Exercise data ▸
■ ■ ■ ■ ■

(* Let $X$ be a Tychonoff space and let $\mathcal{H}$ be a subspace with $\mathcal{F}_2(X)\subset\mathcal{H}\subset\mathcal{K}(X)$. Then the following are equivalent: (a) $X$ is a $P$-space; (b) $\mathcal{H}$ is a $P$-space; (c) $\mathcal{H}$ is an $F'$-space.
   Context: For a $T_1$ space $X$, $\mathcal{K}(X)$ is the set of nonempty compact subsets of $X$ with the Vietoris topology (generated by $U^+=\{A: A\subset U\}$ and $U^-=\{A: A\cap U\neq\emptyset\}$ for $U$ open in $X$), and $\mathcal{F}_n(X)\subset\mathcal{K}(X)$ is the subspace of nonempty subsets with at most $n$ points. A point $p$ is a $P$-point of $X$ if $p$ lies in the interior of every $G_\delta$ set containing it; $X$ is a $P$-space if all its points are $P$-points. A cozero set is the complement of the zero set $f^{-1}(0)$ of a continuous real-valued function $f$. An $F'$-space is a Tychonoff space in which any two disjoint cozero sets have disjoint closures. *)

theory Defs
  imports "HOL-Analysis.Analysis"
begin

definition tychonoff_space :: "'a topology \<Rightarrow> bool" where
  "tychonoff_space X \<longleftrightarrow> completely_regular_space X \<and> t1_space X"

definition hyp_K :: "'a topology \<Rightarrow> 'a set set" where
  "hyp_K X = {A. A \<noteq> {} \<and> compactin X A}"

definition hyp_F :: "nat \<Rightarrow> 'a topology \<Rightarrow> 'a set set" where
  "hyp_F n X = {A. A \<noteq> {} \<and> A \<subseteq> topspace X \<and> finite A \<and> card A \<le> n}"

definition vietoris :: "'a topology \<Rightarrow> 'a set topology" where
  "vietoris X = topology_generated_by
     ({{A \<in> hyp_K X. A \<subseteq> U} | U. openin X U} \<union>
      {{A \<in> hyp_K X. A \<inter> U \<noteq> {}} | U. openin X U})"

definition p_point :: "'a topology \<Rightarrow> 'a \<Rightarrow> bool" where
  "p_point X p \<longleftrightarrow> p \<in> topspace X \<and>
     (\<forall>G. gdelta_in X G \<and> p \<in> G \<longrightarrow> p \<in> X interior_of G)"

definition p_space :: "'a topology \<Rightarrow> bool" where
  "p_space X \<longleftrightarrow> (\<forall>p \<in> topspace X. p_point X p)"

definition cozero_set :: "'a topology \<Rightarrow> 'a set \<Rightarrow> bool" where
  "cozero_set X C \<longleftrightarrow>
     (\<exists>f. continuous_map X euclideanreal f \<and> C = {x \<in> topspace X. f x \<noteq> 0})"

definition f_prime_space :: "'a topology \<Rightarrow> bool" where
  "f_prime_space X \<longleftrightarrow> tychonoff_space X \<and>
     (\<forall>C D. cozero_set X C \<and> cozero_set X D \<and> C \<inter> D = {} \<longrightarrow>
            X closure_of C \<inter> X closure_of D = {})"

end

theory Submission
  imports Defs
begin

text \<open>In a \<open>T\<^sub>1\<close> P-space compact sets are finite, and at a finite \<open>A\<close> the Vietoris boxes
  \<open>\<langle>U\<^sub>a : a \<in> A\<rangle>\<close> form a local base; a countable family of them is refined by a single box,
  because each of the finitely many coordinates can be shrunk into a countable intersection.
  Hence (a) gives (b); conversely \<open>x \<mapsto> {x}\<close> embeds \<open>X\<close> into \<open>\<H>\<close>, so (b) gives (a).
  In a P-space zero sets are open, so cozero sets are closed and (with (a)) the hyperspace is
  zero-dimensional, hence Tychonoff: (b) gives (c).
  If \<open>p\<close> is not a P-point there is a continuous \<open>F \<ge> 0\<close> with \<open>F p = 0\<close> and \<open>p\<close> in the
  closure of \<open>{F > 0}\<close>; then \<open>g A = max F[A] - 2 min F[A]\<close> is continuous on \<open>\<H>\<close>, negative at
  \<open>{x}\<close> and positive at \<open>{p, x}\<close> whenever \<open>F x > 0\<close>, so \<open>{p}\<close> lies in the closures of the
  disjoint cozero sets \<open>{g > 0}\<close> and \<open>{g < 0}\<close>, contradicting (c).\<close>

section \<open>Vietoris boxes\<close>

definition vietoris_box :: "'a topology \<Rightarrow> 'a set \<Rightarrow> ('a \<Rightarrow> 'a set) \<Rightarrow> 'a set set" where
  "vietoris_box X A U = {B \<in> hyp_K X. B \<subseteq> \<Union>(U ` A) \<and> (\<forall>a\<in>A. B \<inter> U a \<noteq> {})}"

lemma hyp_K_subset_topspace: "A \<in> hyp_K X \<Longrightarrow> A \<subseteq> topspace X"
  by (simp add: hyp_K_def compactin_subset_topspace)

lemma finite_in_hyp_K: "finite A \<Longrightarrow> A \<noteq> {} \<Longrightarrow> A \<subseteq> topspace X \<Longrightarrow> A \<in> hyp_K X"
  by (simp add: hyp_K_def finite_imp_compactin)

lemma doubleton_in_hyp_F_2: "x \<in> topspace X \<Longrightarrow> y \<in> topspace X \<Longrightarrow> {x, y} \<in> hyp_F 2 X"
  by (simp add: hyp_F_def card_insert_if)

lemma topspace_vietoris: "topspace (vietoris X) = hyp_K X"
proof -
  have "hyp_K X \<subseteq> {A \<in> hyp_K X. A \<subseteq> topspace X}" using hyp_K_subset_topspace by blast
  then show ?thesis unfolding vietoris_def topology_generated_by_topspace by blast
qed

lemma openin_vietoris_upper: "openin X U \<Longrightarrow> openin (vietoris X) {A \<in> hyp_K X. A \<subseteq> U}"
  unfolding vietoris_def by (rule topology_generated_by_Basis) blast

lemma openin_vietoris_lower: "openin X U \<Longrightarrow> openin (vietoris X) {A \<in> hyp_K X. A \<inter> U \<noteq> {}}"
  unfolding vietoris_def by (rule topology_generated_by_Basis) blast

lemma closedin_vietoris_upper:
  assumes "closedin X U"
  shows "closedin (vietoris X) {A \<in> hyp_K X. A \<subseteq> U}"
proof -
  have "topspace (vietoris X) - {A \<in> hyp_K X. A \<subseteq> U} = {A \<in> hyp_K X. A \<inter> (topspace X - U) \<noteq> {}}"
    using hyp_K_subset_topspace by (auto simp: topspace_vietoris)
  then show ?thesis
    using assms openin_vietoris_lower[of X "topspace X - U"]
    by (simp add: closedin_def topspace_vietoris openin_diff)
qed

lemma closedin_vietoris_lower:
  assumes "closedin X U"
  shows "closedin (vietoris X) {A \<in> hyp_K X. A \<inter> U \<noteq> {}}"
proof -
  have "topspace (vietoris X) - {A \<in> hyp_K X. A \<inter> U \<noteq> {}} = {A \<in> hyp_K X. A \<subseteq> topspace X - U}"
    using hyp_K_subset_topspace by (auto simp: topspace_vietoris)
  then show ?thesis
    using assms openin_vietoris_upper[of X "topspace X - U"]
    by (simp add: closedin_def topspace_vietoris openin_diff)
qed

lemma vietoris_box_mono: "(\<And>a. a \<in> A \<Longrightarrow> U a \<subseteq> V a) \<Longrightarrow> vietoris_box X A U \<subseteq> vietoris_box X A V"
  unfolding vietoris_box_def by blast

lemma mem_vietoris_box_self: "A \<in> hyp_K X \<Longrightarrow> (\<And>a. a \<in> A \<Longrightarrow> a \<in> U a) \<Longrightarrow> A \<in> vietoris_box X A U"
  unfolding vietoris_box_def by blast

lemma vietoris_box_eq_Int:
  "A \<noteq> {} \<Longrightarrow> vietoris_box X A U =
     {B \<in> hyp_K X. B \<subseteq> \<Union>(U ` A)} \<inter> (\<Inter>a\<in>A. {B \<in> hyp_K X. B \<inter> U a \<noteq> {}})"
  unfolding vietoris_box_def by blast

lemma openin_vietoris_box:
  assumes "finite A" "A \<noteq> {}" "\<And>a. a \<in> A \<Longrightarrow> openin X (U a)"
  shows "openin (vietoris X) (vietoris_box X A U)"
  unfolding vietoris_box_eq_Int[OF assms(2)]
  using assms by (intro openin_Int openin_vietoris_upper openin_Inter) (auto intro: openin_vietoris_lower)

lemma closedin_vietoris_box:
  assumes "finite A" "A \<noteq> {}" "\<And>a. a \<in> A \<Longrightarrow> closedin X (U a)"
  shows "closedin (vietoris X) (vietoris_box X A U)"
  unfolding vietoris_box_eq_Int[OF assms(2)]
  using assms
  by (intro closedin_Int closedin_vietoris_upper closedin_Inter closedin_Union)
     (auto intro: closedin_vietoris_lower)

lemma vietoris_subbasic_box:
  assumes "W \<in> {{A \<in> hyp_K X. A \<subseteq> V} | V. openin X V} \<union> {{A \<in> hyp_K X. A \<inter> V \<noteq> {}} | V. openin X V}"
    and A: "A \<in> W"
  shows "\<exists>U. (\<forall>a\<in>A. openin X (U a) \<and> a \<in> U a) \<and> vietoris_box X A U \<subseteq> W"
proof -
  from assms(1) consider V where "openin X V" "W = {A \<in> hyp_K X. A \<subseteq> V}"
    | V where "openin X V" "W = {A \<in> hyp_K X. A \<inter> V \<noteq> {}}"
    by blast
  then show ?thesis
  proof cases
    case (1 V)
    then have "vietoris_box X A (\<lambda>_. V) \<subseteq> W" "\<forall>a\<in>A. openin X V \<and> a \<in> V"
      using A by (auto simp: vietoris_box_def)
    then show ?thesis by (intro exI[of _ "\<lambda>_. V"]) simp
  next
    case (2 V)
    then obtain a0 where a0: "a0 \<in> A" "a0 \<in> V" using A by blast
    \<comment> \<open>only the component at \<open>a0\<close> has to be shrunk\<close>
    define U where "U a = (if a = a0 then V else topspace X)" for a
    have "vietoris_box X A U \<subseteq> W"
      using 2 a0 unfolding vietoris_box_def U_def by auto
    moreover have "\<forall>a\<in>A. openin X (U a) \<and> a \<in> U a"
      using 2 A a0 hyp_K_subset_topspace unfolding U_def by auto
    ultimately show ?thesis by (intro exI[of _ U]) simp
  qed
qed

lemma vietoris_box_local_base:
  assumes "openin (vietoris X) W" "A \<in> W"
  shows "\<exists>U. (\<forall>a\<in>A. openin X (U a) \<and> a \<in> U a) \<and> vietoris_box X A U \<subseteq> W"
proof -
  have boxes: "\<forall>A\<in>W. \<exists>U. (\<forall>a\<in>A. openin X (U a) \<and> a \<in> U a) \<and> vietoris_box X A U \<subseteq> W"
    if "generate_topology_on
          ({{A \<in> hyp_K X. A \<subseteq> U} | U. openin X U} \<union>
           {{A \<in> hyp_K X. A \<inter> U \<noteq> {}} | U. openin X U}) W" for W
    using that
  proof induction
    case Empty
    then show ?case by simp
  next
    case (Int W1 W2)
    show ?case
    proof
      fix A assume A: "A \<in> W1 \<inter> W2"
      obtain U1 where U1: "\<forall>a\<in>A. openin X (U1 a) \<and> a \<in> U1 a" "vietoris_box X A U1 \<subseteq> W1"
        using Int.IH(1) A by blast
      obtain U2 where U2: "\<forall>a\<in>A. openin X (U2 a) \<and> a \<in> U2 a" "vietoris_box X A U2 \<subseteq> W2"
        using Int.IH(2) A by blast
      have "vietoris_box X A (\<lambda>a. U1 a \<inter> U2 a) \<subseteq> vietoris_box X A U1"
        "vietoris_box X A (\<lambda>a. U1 a \<inter> U2 a) \<subseteq> vietoris_box X A U2"
        by (rule vietoris_box_mono, blast)+
      with U1 U2 show "\<exists>U. (\<forall>a\<in>A. openin X (U a) \<and> a \<in> U a) \<and> vietoris_box X A U \<subseteq> W1 \<inter> W2"
        by (intro exI[of _ "\<lambda>a. U1 a \<inter> U2 a"]) auto
    qed
  next
    case (UN \<W>)
    show ?case
    proof
      fix A assume "A \<in> \<Union>\<W>"
      then obtain V where "V \<in> \<W>" "A \<in> V" by blast
      then obtain U where "\<forall>a\<in>A. openin X (U a) \<and> a \<in> U a" "vietoris_box X A U \<subseteq> V"
        using UN.IH by blast
      with \<open>V \<in> \<W>\<close> show "\<exists>U. (\<forall>a\<in>A. openin X (U a) \<and> a \<in> U a) \<and> vietoris_box X A U \<subseteq> \<Union>\<W>"
        by blast
    qed
  next
    case (Basis W)
    then show ?case by (intro ballI vietoris_subbasic_box)
  qed
  then show ?thesis
    using assms unfolding vietoris_def openin_topology_generated_by_iff by simp
qed

lemma vietoris_box_local_base_subtopology:
  assumes "openin (subtopology (vietoris X) H) W" "A \<in> W"
  shows "\<exists>U. (\<forall>a\<in>A. openin X (U a) \<and> a \<in> U a) \<and> H \<inter> vietoris_box X A U \<subseteq> W"
proof -
  obtain W' where W': "openin (vietoris X) W'" "W = W' \<inter> H"
    using assms(1) unfolding openin_subtopology by blast
  with assms(2) obtain U where U: "\<forall>a\<in>A. openin X (U a) \<and> a \<in> U a" "vietoris_box X A U \<subseteq> W'"
    using vietoris_box_local_base[OF W'(1)] by blast
  with W'(2) show ?thesis by (intro exI[of _ U]) blast
qed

■ ■ ■ ■ ■

Problem statement ▸ Extract each line from the listing that holds the word "imports".

Result for this task ▸
  imports "HOL-Analysis.Analysis"
  imports Defs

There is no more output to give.